Goal of the exercise – Lines from the listing below that contain the string "real" are to be reported.

Record excerpts –

lemma reparam_deriv_pow_expansion_of_slope:
  assumes k: "k = Suc m" and F: "Ck_interval k F DF" "\<forall>j\<le>k. \<forall>x\<in>I. \<bar>DF j x\<bar> \<le> 1"
    "lip \<longrightarrow> (\<forall>x\<in>I. \<forall>y\<in>I. \<bar>DF k x - DF k y\<bar> \<le> \<bar>x - y\<bar>)"
    and r: "Cnorm_le lip m \<epsilon> r" and S: "Cnorm_le lip m \<epsilon> S" and "\<epsilon> \<le> 1"
    and w: "\<And>t. t \<in> I \<Longrightarrow> w t = 1/2 + r t" and f1: "\<And>t. t \<in> I \<Longrightarrow> f1 t = DF 1 t / 4 + S t"
    and i: "1 \<le> i" "i \<le> k"
  shows "\<exists>Rem. Cnorm_le lip (k - i) ((1 + 2 * (3 * 2 ^ k) ^ m) * \<epsilon>) Rem \<and>
    (\<forall>t\<in>I. (reparam_deriv w ^^ (i - 1)) f1 t = DF i t / 2 ^ (i + 1) + Rem t)"
proof -
  define j where "j = i - 1"
  have j: "j \<le> m" "i = Suc j" "k - i = m - j" using i k unfolding j_def by auto
  have "0 \<le> \<epsilon>" using r Cnorm_le_nonneg by blast
  have DF1: "Cnorm_le lip m 1 (DF 1)" using Ck_interval_Cnorm_le[OF F, of 1] k by simp
  have "Cnorm_le lip m (\<bar>1/4\<bar> * 1 + \<epsilon>) (\<lambda>t. 1/4 * DF 1 t + S t)"
    by (rule Cnorm_le_add[OF Cnorm_le_cmult[OF DF1] S])
  then have f1C: "Cnorm_le lip m 2 f1"
    by (rule Cnorm_le_cong[OF Cnorm_le_mono]) (use \<open>\<epsilon> \<le> 1\<close> f1 in auto)
  obtain R where R: "Cnorm_le lip (m - j) ((3 * 2 ^ (m + 1)) ^ j * 2 * \<epsilon>) R"
    "\<forall>x\<in>I. (reparam_deriv w ^^ j) f1 x = (derivI ^^ j) f1 x / 2 ^ j + R x"
    using reparam_deriv_pow_expansion[OF j(1) f1C r _ w] \<open>\<epsilon> \<le> 1\<close> by blast
  have "(1 :: real) \<le> 2 ^ k" by (rule one_le_power) simp
  then have "(1 :: real) \<le> 3 * 2 ^ k" by linarith
  then have "(3 * 2 ^ k :: real) ^ j \<le> (3 * 2 ^ k) ^ m"
    using j(1) by (rule power_increasing[rotated])
  then have "(3 * 2 ^ (m + 1) :: real) ^ j \<le> (3 * 2 ^ k) ^ m" using k by simp
  then have "(3 * 2 ^ (m + 1)) ^ j * 2 * \<epsilon> \<le> 2 * (3 * 2 ^ k) ^ m * \<epsilon>"
    using \<open>0 \<le> \<epsilon>\<close> by (simp add: mult_right_mono)
  with R(1) have R': "Cnorm_le lip (m - j) (2 * (3 * 2 ^ k) ^ m * \<epsilon>) R" by (rule Cnorm_le_mono)
  define Rem where "Rem t = 1 / 2 ^ j * (derivI ^^ j) S t + R t" for t
  have "Cnorm_le lip (m - j) (\<bar>1 / 2 ^ j\<bar> * \<epsilon> + 2 * (3 * 2 ^ k) ^ m * \<epsilon>) Rem"
    unfolding Rem_def by (rule Cnorm_le_add[OF Cnorm_le_cmult[OF Cnorm_le_derivI_pow[OF S j(1)]] R'])
  then have RemC: "Cnorm_le lip (k - i) ((1 + 2 * (3 * 2 ^ k) ^ m) * \<epsilon>) Rem"
    unfolding j(3)
  proof (rule Cnorm_le_mono)
    have "\<bar>1 / 2 ^ j\<bar> * \<epsilon> \<le> \<epsilon>" using \<open>0 \<le> \<epsilon>\<close> by (intro mult_left_le_one_le) auto
    then show "\<bar>1 / 2 ^ j\<bar> * \<epsilon> + 2 * (3 * 2 ^ k) ^ m * \<epsilon> \<le> (1 + 2 * (3 * 2 ^ k) ^ m) * \<epsilon>"
      by (simp add: algebra_simps)
  qed
  have "(reparam_deriv w ^^ (i - 1)) f1 t = DF i t / 2 ^ (i + 1) + Rem t" if t: "t \<in> I" for t
  proof -
    have "(derivI ^^ j) f1 t = (derivI ^^ j) (\<lambda>t. 1/4 * DF 1 t + S t) t"
      using f1 t by (intro derivI_pow_cong) simp_all
    also have "\<dots> = 1/4 * (derivI ^^ j) (DF 1) t + (derivI ^^ j) S t"
      by (rule derivI_pow_linear[OF DF1 S j(1) t])
    also have "(derivI ^^ j) (DF 1) t = DF i t"
      using derivI_pow_Ck_interval[OF F(1) _ t, of 1 j] j k by simp
    finally show ?thesis using R(2) t unfolding Rem_def j_def[symmetric] j(2) by (simp add: field_simps)
  qed
  with RemC show ?thesis by blast
qed

definition saddle_perturbation ::
    "nat \<Rightarrow> (real \<times> real) set \<Rightarrow> (real \<times> real \<Rightarrow> real \<times> real) \<Rightarrow> real \<Rightarrow> bool" where
  "saddle_perturbation k U \<phi> \<delta> \<longleftrightarrow> open U \<and> unit_box \<subseteq> U \<and>
     Cm_on (k + 1) (fst \<circ> \<phi>) U \<and> Cm_on (k + 1) (snd \<circ> \<phi>) U \<and>
     \<phi> (0, 0) = (0, 0) \<and> (\<phi> has_derivative (\<lambda>(x1, x2). (2 * x1, x2 / 2))) (at (0, 0)) \<and>
     (\<forall>ds. 2 \<le> length ds \<and> length ds \<le> k + 1 \<longrightarrow>
        (\<forall>p\<in>U. \<bar>iter_partial ds (fst \<circ> \<phi>) p\<bar> \<le> \<delta> \<and> \<bar>iter_partial ds (snd \<circ> \<phi>) p\<bar> \<le> \<delta>)) \<and>
     0 < \<delta>"

lemma saddle_perturbation_partials_origin:
  assumes "saddle_perturbation k U \<phi> \<delta>"
  shows "partial False (fst \<circ> \<phi>) (0, 0) = 2" "partial True (fst \<circ> \<phi>) (0, 0) = 0"
    "partial False (snd \<circ> \<phi>) (0, 0) = 0" "partial True (snd \<circ> \<phi>) (0, 0) = 1/2"
proof -
  have U: "open U" "(0, 0) \<in> U" and C: "Cm_on (Suc k) (fst \<circ> \<phi>) U" "Cm_on (Suc k) (snd \<circ> \<phi>) U"
    and D: "(\<phi> has_derivative (\<lambda>(x1, x2). (2 * x1, x2 / 2))) (at (0, 0))"
    using assms unfolding saddle_perturbation_def unit_box_def by auto
  have "(\<lambda>v. partial False (fst \<circ> \<phi>) (0, 0) * fst v + partial True (fst \<circ> \<phi>) (0, 0) * snd v)
      = (\<lambda>v. fst ((\<lambda>(x1, x2). (2 * x1, x2 / 2)) v))"
    using Cm_on_has_derivative[OF C(1) U] has_derivative_fst[OF D]
    unfolding comp_def by (rule has_derivative_unique)
  from fun_cong[OF this, of "(1, 0)"] fun_cong[OF this, of "(0, 1)"]
  show "partial False (fst \<circ> \<phi>) (0, 0) = 2" "partial True (fst \<circ> \<phi>) (0, 0) = 0" by simp_all
  have "(\<lambda>v. partial False (snd \<circ> \<phi>) (0, 0) * fst v + partial True (snd \<circ> \<phi>) (0, 0) * snd v)
      = (\<lambda>v. snd ((\<lambda>(x1, x2). (2 * x1, x2 / 2)) v))"
    using Cm_on_has_derivative[OF C(2) U] has_derivative_snd[OF D]
    unfolding comp_def by (rule has_derivative_unique)
  from fun_cong[OF this, of "(1, 0)"] fun_cong[OF this, of "(0, 1)"]
  show "partial False (snd \<circ> \<phi>) (0, 0) = 0" "partial True (snd \<circ> \<phi>) (0, 0) = 1/2" by simp_all
qed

Result –
  have "(1 :: real) \<le> 2 ^ k" by (rule one_le_power) simp
  then have "(1 :: real) \<le> 3 * 2 ^ k" by linarith
  then have "(3 * 2 ^ k :: real) ^ j \<le> (3 * 2 ^ k) ^ m"
  then have "(3 * 2 ^ (m + 1) :: real) ^ j \<le> (3 * 2 ^ k) ^ m" using k by simp
    "nat \<Rightarrow> (real \<times> real) set \<Rightarrow> (real \<times> real \<Rightarrow> real \<times> real) \<Rightarrow> real \<Rightarrow> bool" where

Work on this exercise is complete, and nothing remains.